Task instructions – Print, exactly as they stand, the lines from the start of the listing to the line containing "z \<le> len", inclusive.

Data –

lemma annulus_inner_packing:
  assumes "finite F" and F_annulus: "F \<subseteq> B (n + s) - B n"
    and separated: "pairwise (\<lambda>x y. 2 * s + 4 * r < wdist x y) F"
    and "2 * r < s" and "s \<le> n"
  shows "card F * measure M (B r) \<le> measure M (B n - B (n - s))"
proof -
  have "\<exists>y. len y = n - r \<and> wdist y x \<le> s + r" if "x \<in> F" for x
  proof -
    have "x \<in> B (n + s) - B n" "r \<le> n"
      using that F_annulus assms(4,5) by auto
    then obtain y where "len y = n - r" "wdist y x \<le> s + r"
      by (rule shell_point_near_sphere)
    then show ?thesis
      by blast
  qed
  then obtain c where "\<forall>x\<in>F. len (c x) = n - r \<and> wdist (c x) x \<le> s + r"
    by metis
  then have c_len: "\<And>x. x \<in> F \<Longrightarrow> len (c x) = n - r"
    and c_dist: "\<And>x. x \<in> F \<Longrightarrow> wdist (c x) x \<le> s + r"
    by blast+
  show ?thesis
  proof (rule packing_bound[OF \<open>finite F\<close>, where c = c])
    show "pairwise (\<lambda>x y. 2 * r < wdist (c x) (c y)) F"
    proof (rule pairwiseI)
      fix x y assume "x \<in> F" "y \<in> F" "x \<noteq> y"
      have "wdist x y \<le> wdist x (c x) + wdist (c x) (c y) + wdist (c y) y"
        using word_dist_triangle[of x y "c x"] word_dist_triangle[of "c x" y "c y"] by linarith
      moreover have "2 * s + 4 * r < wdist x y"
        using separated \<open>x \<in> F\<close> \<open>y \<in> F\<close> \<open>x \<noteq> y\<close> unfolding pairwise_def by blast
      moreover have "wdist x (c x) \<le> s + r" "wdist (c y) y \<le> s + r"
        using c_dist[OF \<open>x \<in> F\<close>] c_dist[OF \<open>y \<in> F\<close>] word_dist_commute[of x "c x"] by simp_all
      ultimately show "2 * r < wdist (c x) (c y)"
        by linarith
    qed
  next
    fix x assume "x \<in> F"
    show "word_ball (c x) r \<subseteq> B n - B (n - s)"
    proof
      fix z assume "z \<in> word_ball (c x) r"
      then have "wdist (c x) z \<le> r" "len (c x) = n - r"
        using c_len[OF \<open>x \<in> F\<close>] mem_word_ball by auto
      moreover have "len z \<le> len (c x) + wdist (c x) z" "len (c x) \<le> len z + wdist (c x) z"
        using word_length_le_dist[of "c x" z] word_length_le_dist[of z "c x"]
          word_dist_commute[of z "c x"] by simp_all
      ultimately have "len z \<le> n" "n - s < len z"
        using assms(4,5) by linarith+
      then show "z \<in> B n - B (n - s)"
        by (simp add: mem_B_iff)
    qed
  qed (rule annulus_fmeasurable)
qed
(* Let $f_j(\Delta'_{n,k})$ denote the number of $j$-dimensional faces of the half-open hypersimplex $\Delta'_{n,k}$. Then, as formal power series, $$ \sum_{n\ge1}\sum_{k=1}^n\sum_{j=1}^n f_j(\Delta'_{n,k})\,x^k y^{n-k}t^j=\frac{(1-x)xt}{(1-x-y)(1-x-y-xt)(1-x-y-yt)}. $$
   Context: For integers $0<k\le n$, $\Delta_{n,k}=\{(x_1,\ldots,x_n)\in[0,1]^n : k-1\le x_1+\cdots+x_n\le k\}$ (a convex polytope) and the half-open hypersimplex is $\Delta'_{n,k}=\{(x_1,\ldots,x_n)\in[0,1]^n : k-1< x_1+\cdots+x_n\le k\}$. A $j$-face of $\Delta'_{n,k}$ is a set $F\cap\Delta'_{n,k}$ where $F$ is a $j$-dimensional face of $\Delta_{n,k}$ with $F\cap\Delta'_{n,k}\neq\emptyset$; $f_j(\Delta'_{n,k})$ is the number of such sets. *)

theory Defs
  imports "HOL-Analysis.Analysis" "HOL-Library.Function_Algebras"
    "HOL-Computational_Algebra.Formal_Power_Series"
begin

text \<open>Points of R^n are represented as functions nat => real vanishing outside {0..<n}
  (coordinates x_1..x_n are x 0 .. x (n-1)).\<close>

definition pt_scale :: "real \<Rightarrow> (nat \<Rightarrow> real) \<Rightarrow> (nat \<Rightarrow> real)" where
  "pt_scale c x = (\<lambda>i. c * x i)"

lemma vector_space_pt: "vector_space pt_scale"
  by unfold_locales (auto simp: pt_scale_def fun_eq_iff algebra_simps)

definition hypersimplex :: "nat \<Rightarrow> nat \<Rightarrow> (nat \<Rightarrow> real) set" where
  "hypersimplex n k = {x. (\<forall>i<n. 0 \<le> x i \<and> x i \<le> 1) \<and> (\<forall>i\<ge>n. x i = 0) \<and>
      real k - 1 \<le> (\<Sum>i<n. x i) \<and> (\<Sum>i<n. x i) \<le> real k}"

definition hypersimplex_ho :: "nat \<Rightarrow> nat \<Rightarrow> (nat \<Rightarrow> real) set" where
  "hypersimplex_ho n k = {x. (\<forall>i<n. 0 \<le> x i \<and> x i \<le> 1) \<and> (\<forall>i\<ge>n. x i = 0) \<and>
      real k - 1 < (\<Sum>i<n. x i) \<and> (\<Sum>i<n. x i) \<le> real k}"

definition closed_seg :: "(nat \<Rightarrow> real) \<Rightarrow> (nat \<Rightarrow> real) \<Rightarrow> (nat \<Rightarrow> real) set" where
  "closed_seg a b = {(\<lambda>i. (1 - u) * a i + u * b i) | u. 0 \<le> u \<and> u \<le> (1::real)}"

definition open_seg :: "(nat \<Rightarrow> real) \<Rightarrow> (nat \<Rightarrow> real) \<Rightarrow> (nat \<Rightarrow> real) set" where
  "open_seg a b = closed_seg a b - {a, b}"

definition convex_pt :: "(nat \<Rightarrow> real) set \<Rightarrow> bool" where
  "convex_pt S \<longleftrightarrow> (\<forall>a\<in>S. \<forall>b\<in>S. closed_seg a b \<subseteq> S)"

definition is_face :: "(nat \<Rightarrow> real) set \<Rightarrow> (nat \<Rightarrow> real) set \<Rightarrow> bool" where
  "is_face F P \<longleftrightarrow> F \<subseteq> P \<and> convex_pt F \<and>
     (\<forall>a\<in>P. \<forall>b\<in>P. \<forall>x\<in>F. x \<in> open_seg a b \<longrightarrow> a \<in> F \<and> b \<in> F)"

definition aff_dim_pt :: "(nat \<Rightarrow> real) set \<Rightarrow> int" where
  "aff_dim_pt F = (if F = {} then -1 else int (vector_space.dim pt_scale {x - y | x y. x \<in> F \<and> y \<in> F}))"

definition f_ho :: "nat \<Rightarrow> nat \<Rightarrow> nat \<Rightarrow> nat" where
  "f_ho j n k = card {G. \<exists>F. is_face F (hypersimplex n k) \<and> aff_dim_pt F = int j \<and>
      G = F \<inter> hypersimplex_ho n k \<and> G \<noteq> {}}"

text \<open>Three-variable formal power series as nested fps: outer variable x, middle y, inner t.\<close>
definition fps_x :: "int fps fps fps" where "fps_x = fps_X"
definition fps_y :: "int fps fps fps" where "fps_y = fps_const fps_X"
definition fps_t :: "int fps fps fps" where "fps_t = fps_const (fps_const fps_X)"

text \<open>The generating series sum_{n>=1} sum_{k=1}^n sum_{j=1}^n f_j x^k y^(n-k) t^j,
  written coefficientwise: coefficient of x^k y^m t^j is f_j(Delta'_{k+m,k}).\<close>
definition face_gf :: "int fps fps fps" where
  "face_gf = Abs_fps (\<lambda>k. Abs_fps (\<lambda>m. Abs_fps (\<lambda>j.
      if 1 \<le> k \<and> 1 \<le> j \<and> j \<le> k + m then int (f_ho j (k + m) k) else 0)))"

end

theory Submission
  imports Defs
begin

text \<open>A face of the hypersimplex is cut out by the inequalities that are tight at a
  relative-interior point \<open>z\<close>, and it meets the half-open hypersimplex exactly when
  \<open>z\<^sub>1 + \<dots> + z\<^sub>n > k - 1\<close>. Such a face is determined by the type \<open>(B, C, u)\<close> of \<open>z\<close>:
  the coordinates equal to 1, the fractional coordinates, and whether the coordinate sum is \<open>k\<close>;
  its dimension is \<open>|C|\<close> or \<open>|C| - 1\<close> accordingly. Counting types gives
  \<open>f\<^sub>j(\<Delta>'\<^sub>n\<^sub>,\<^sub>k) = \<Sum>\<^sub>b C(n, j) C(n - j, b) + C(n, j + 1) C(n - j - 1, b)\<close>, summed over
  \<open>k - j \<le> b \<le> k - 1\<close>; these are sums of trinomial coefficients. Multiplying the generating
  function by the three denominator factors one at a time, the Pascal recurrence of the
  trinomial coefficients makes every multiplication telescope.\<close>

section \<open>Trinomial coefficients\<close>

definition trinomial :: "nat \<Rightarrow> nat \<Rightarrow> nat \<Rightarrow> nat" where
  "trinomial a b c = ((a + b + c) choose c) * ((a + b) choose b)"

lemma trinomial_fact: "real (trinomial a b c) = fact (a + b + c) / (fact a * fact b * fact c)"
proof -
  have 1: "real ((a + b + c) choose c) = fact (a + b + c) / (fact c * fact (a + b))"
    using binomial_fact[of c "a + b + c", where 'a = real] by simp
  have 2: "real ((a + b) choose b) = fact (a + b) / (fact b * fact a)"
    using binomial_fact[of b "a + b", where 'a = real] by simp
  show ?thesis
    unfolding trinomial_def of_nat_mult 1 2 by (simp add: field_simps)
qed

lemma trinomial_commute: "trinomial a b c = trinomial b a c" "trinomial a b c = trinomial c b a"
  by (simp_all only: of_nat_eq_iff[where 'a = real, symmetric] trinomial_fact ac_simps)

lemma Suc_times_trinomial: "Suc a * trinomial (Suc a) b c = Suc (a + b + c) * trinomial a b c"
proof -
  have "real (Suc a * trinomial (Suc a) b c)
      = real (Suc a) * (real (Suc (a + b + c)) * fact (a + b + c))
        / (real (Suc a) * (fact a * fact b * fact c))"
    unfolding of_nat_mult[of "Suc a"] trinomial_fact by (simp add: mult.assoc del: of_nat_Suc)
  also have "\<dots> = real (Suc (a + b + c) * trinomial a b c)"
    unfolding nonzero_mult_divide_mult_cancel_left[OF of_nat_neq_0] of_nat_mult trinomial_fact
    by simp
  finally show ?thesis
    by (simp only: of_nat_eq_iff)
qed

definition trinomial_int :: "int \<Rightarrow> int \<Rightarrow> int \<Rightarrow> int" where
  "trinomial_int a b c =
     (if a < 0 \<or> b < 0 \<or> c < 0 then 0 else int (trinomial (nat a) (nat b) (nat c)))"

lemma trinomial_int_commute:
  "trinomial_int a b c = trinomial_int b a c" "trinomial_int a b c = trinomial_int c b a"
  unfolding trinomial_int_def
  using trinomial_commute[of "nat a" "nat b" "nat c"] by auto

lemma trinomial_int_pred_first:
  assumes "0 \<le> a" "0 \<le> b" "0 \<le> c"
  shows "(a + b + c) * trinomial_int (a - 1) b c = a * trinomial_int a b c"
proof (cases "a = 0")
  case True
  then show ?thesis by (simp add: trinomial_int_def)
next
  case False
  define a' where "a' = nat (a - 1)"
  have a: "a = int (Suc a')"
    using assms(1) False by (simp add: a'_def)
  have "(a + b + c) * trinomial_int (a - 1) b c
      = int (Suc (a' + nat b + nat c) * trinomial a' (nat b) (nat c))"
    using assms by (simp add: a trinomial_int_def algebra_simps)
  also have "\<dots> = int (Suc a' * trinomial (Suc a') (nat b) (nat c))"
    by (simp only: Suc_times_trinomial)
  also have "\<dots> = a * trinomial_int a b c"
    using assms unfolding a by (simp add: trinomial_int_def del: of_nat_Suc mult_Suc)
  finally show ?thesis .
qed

Result for this task –
lemma annulus_inner_packing:
  assumes "finite F" and F_annulus: "F \<subseteq> B (n + s) - B n"
    and separated: "pairwise (\<lambda>x y. 2 * s + 4 * r < wdist x y) F"
    and "2 * r < s" and "s \<le> n"
  shows "card F * measure M (B r) \<le> measure M (B n - B (n - s))"
proof -
  have "\<exists>y. len y = n - r \<and> wdist y x \<le> s + r" if "x \<in> F" for x
  proof -
    have "x \<in> B (n + s) - B n" "r \<le> n"
      using that F_annulus assms(4,5) by auto
    then obtain y where "len y = n - r" "wdist y x \<le> s + r"
      by (rule shell_point_near_sphere)
    then show ?thesis
      by blast
  qed
  then obtain c where "\<forall>x\<in>F. len (c x) = n - r \<and> wdist (c x) x \<le> s + r"
    by metis
  then have c_len: "\<And>x. x \<in> F \<Longrightarrow> len (c x) = n - r"
    and c_dist: "\<And>x. x \<in> F \<Longrightarrow> wdist (c x) x \<le> s + r"
    by blast+
  show ?thesis
  proof (rule packing_bound[OF \<open>finite F\<close>, where c = c])
    show "pairwise (\<lambda>x y. 2 * r < wdist (c x) (c y)) F"
    proof (rule pairwiseI)
      fix x y assume "x \<in> F" "y \<in> F" "x \<noteq> y"
      have "wdist x y \<le> wdist x (c x) + wdist (c x) (c y) + wdist (c y) y"
        using word_dist_triangle[of x y "c x"] word_dist_triangle[of "c x" y "c y"] by linarith
      moreover have "2 * s + 4 * r < wdist x y"
        using separated \<open>x \<in> F\<close> \<open>y \<in> F\<close> \<open>x \<noteq> y\<close> unfolding pairwise_def by blast
      moreover have "wdist x (c x) \<le> s + r" "wdist (c y) y \<le> s + r"
        using c_dist[OF \<open>x \<in> F\<close>] c_dist[OF \<open>y \<in> F\<close>] word_dist_commute[of x "c x"] by simp_all
      ultimately show "2 * r < wdist (c x) (c y)"
        by linarith
    qed
  next
    fix x assume "x \<in> F"
    show "word_ball (c x) r \<subseteq> B n - B (n - s)"
    proof
      fix z assume "z \<in> word_ball (c x) r"
      then have "wdist (c x) z \<le> r" "len (c x) = n - r"
        using c_len[OF \<open>x \<in> F\<close>] mem_word_ball by auto
      moreover have "len z \<le> len (c x) + wdist (c x) z" "len (c x) \<le> len z + wdist (c x) z"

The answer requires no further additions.